-- PROVIDED RECORDS follows --

(* Let $p,q\ge 2$ be relatively prime integers. Then $$p\sum_{n=1}^{q-1}\cot\!\Big(\frac{\pi np}{q}\Big)\cot^3\!\Big(\frac{\pi n}{q}\Big)+q\sum_{n=1}^{p-1}\cot\!\Big(\frac{\pi nq}{p}\Big)\cot^3\!\Big(\frac{\pi n}{p}\Big)=\frac{1}{45}\left(p^4+q^4-5p^2q^2-15p^2-15q^2+45pq-12\right).$$ *)

theory Defs
  imports "HOL-Analysis.Analysis"
begin

end

theory Submission
  imports Defs "HOL-Complex_Analysis.Complex_Analysis"
begin

(* Let r(u) = (u + 1)/(u - 1) and f(z) = r(z^q) r(z^p) r(z)^3 / z.  Since z f(z) -> 1 at infinity,
   the residues of f add up to 1.  The residue at 0 is r(0)^5 = -1.  A root of unity
   w = exp(2 pi i n/q) other than 1 is not a p-th root of unity, as p and q are coprime, so f has a
   simple pole at w with residue (2/q) r(w^p) r(w)^3 = (2/q) cot(pi n p/q) cot(pi n/q)^3, because
   r(exp(2ix)) = -i cot x; symmetrically at the p-th roots of unity.  At z = 1 the pole has order
   five, and its residue is the coefficient of w^4 in the power series of w^5 f(1 + w), which is the
   polynomial in p and q (divided by p q) that gives the right-hand side. *)

lemma root_unity_coprime_eq_1:
  fixes z :: "'a::comm_ring_1"
  assumes "z ^ p = 1" "z ^ q = 1" "coprime p q"
  shows "z = 1"
proof (cases "p = 0")
  case True
  then show ?thesis using assms by simp
next
  case False
  then obtain a b where "p * a = q * b + 1"
    using bezout_nat[of p q] assms(3) by auto
  then have "z ^ (p * a) = z ^ (q * b) * z" by (simp add: power_add)
  then show ?thesis using assms(1,2) by (simp add: power_mult)
qed

lemma norm_root_unity:
  fixes z :: complex
  assumes "z ^ n = 1" "n > 0"
  shows "norm z = 1"
  by (metis assms norm_ge_zero norm_one norm_power power_eq_iff_eq_base power_one)

lemma residue_divide_simple_zero:
  fixes f g :: "complex \<Rightarrow> complex"
  assumes "open S" "z \<in> S" "f holomorphic_on S" "g holomorphic_on S"
    and "\<forall>w\<in>S - {z}. g w \<noteq> 0" "g z = 0" "(g has_field_derivative g') (at z)" "g' \<noteq> 0"
  shows "residue (\<lambda>w. f w / g w) z = f z / g'"
proof (rule residue_simple')
  show "(\<lambda>w. f w / g w) holomorphic_on S - {z}"
    using assms by (auto intro!: holomorphic_intros)
  have "isCont f z"
    using assms by (meson holomorphic_on_imp_continuous_on continuous_on_eq_continuous_at)
  moreover have "((\<lambda>w. (g w - g z) / (w - z)) \<longlongrightarrow> g') (at z)"
    using assms(7) by (simp add: has_field_derivative_iff)
  ultimately have "((\<lambda>w. f w / ((g w - g z) / (w - z))) \<longlongrightarrow> f z / g') (at z)"
    using assms(8) by (intro tendsto_divide) (auto simp: isCont_def)
  moreover have "\<forall>\<^sub>F w in at z. f w / ((g w - g z) / (w - z)) = f w / g w * (w - z)"
    using assms(6) by (auto simp: eventually_at_filter)
  ultimately show "((\<lambda>w. f w / g w * (w - z)) \<longlongrightarrow> f z / g') (at z)"
    by (rule Lim_transform_eventually)
qed (use assms in auto)

lemma sum_residues_eq_tendsto_at_infinity:
  fixes f :: "complex \<Rightarrow> complex"
  assumes S: "finite S" and holo: "f holomorphic_on - S"
    and lim: "((\<lambda>z. z * f z) \<longlongrightarrow> c) at_infinity"
  shows "(\<Sum>z\<in>S. residue f z) = c"
proof -
  define T where "T = (\<Sum>z\<in>S. residue f z)"
  obtain R0 where "R0 > 0" and R0: "S \<subseteq> ball 0 R0"
    using bounded_subset_ballD[OF finite_imp_bounded[OF S]] by blast
  have integral: "(f has_contour_integral 2 * pi * \<i> * T) (circlepath 0 R)" if "R \<ge> R0" for R
  proof -
    have img: "path_image (circlepath 0 R) \<subseteq> - S"
      using R0 that \<open>R0 > 0\<close> by auto
    have "contour_integral (circlepath 0 R) f
            = 2 * pi * \<i> * (\<Sum>z\<in>S. winding_number (circlepath 0 R) z * residue f z)"
      using holo img by (intro Residue_theorem[OF open_UNIV connected_UNIV S])
        (auto simp: Compl_eq_Diff_UNIV)
    also have "(\<Sum>z\<in>S. winding_number (circlepath 0 R) z * residue f z) = T"
      unfolding T_def using R0 that by (intro sum.cong refl) (auto simp: winding_number_circlepath)
    finally show ?thesis
      using holo img by (metis has_contour_integral_integral contour_integrable_holomorphic_simple
          open_Compl finite_imp_closed S valid_path_circlepath)
  qed
  have bound: "norm (T - c) \<le> e" if "e > 0" for e
  proof -
    obtain R1 where R1: "\<And>z. norm z \<ge> R1 \<Longrightarrow> norm (z * f z - c) < e"
      using lim \<open>e > 0\<close> by (auto simp: tendsto_iff eventually_at_infinity dist_norm)
    define R where "R = max R0 R1"
    have "R > 0" using \<open>R0 > 0\<close> by (simp add: R_def)
    have "((\<lambda>z. c / (z - 0)) has_contour_integral 2 * pi * \<i> * c) (circlepath 0 R)"
      using Cauchy_integral_circlepath_simple[where f = "\<lambda>_. c" and w = 0 and z = 0 and r = R]
        \<open>R > 0\<close> by simp
    then have "((\<lambda>z. f z - c / (z - 0)) has_contour_integral 2 * pi * \<i> * T - 2 * pi * \<i> * c)
            (circlepath 0 R)"
      by (intro has_contour_integral_diff integral) (simp add: R_def)
    then have "norm (2 * pi * \<i> * T - 2 * pi * \<i> * c) \<le> e / R * (2 * pi * R)"
    proof (rule has_contour_integral_bound_circlepath)
      fix z :: complex assume z: "norm (z - 0) = R"
      then have "z \<noteq> 0" using \<open>R > 0\<close> by auto
      have "norm (z * f z - c) \<le> e" using R1[of z] z by (simp add: R_def)
      moreover have "f z - c / (z - 0) = (z * f z - c) / z"
        using \<open>z \<noteq> 0\<close> by (simp add: field_simps)
      ultimately show "norm (f z - c / (z - 0)) \<le> e / R"
        using z \<open>R > 0\<close> by (simp add: norm_divide divide_right_mono)
    qed (use \<open>e > 0\<close> \<open>R > 0\<close> in auto)
    also have "e / R * (2 * pi * R) = 2 * pi * e"
      using \<open>R > 0\<close> by simp
    also have "2 * pi * \<i> * T - 2 * pi * \<i> * c = (2 * pi * \<i>) * (T - c)"
      by (simp add: algebra_simps)
    finally show ?thesis
      by (simp add: norm_mult)
  qed
  have "norm (T - c) \<le> 0"
    using bound by (rule dense_ge)
  then have "T = c" by simp
  then show ?thesis by (simp add: T_def)
qed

-- PROVIDED RECORDS concluded --

Lines from the first one above through the line containing "w = exp(2 pi" are to be retyped exactly, both included, and nothing more.

> [YOUR RESPONSE]:
(* Let $p,q\ge 2$ be relatively prime integers. Then $$p\sum_{n=1}^{q-1}\cot\!\Big(\frac{\pi np}{q}\Big)\cot^3\!\Big(\frac{\pi n}{q}\Big)+q\sum_{n=1}^{p-1}\cot\!\Big(\frac{\pi nq}{p}\Big)\cot^3\!\Big(\frac{\pi n}{p}\Big)=\frac{1}{45}\left(p^4+q^4-5p^2q^2-15p^2-15q^2+45pq-12\right).$$ *)

theory Defs
  imports "HOL-Analysis.Analysis"
begin

end

theory Submission
  imports Defs "HOL-Complex_Analysis.Complex_Analysis"
begin

(* Let r(u) = (u + 1)/(u - 1) and f(z) = r(z^q) r(z^p) r(z)^3 / z.  Since z f(z) -> 1 at infinity,
   the residues of f add up to 1.  The residue at 0 is r(0)^5 = -1.  A root of unity
   w = exp(2 pi i n/q) other than 1 is not a p-th root of unity, as p and q are coprime, so f has a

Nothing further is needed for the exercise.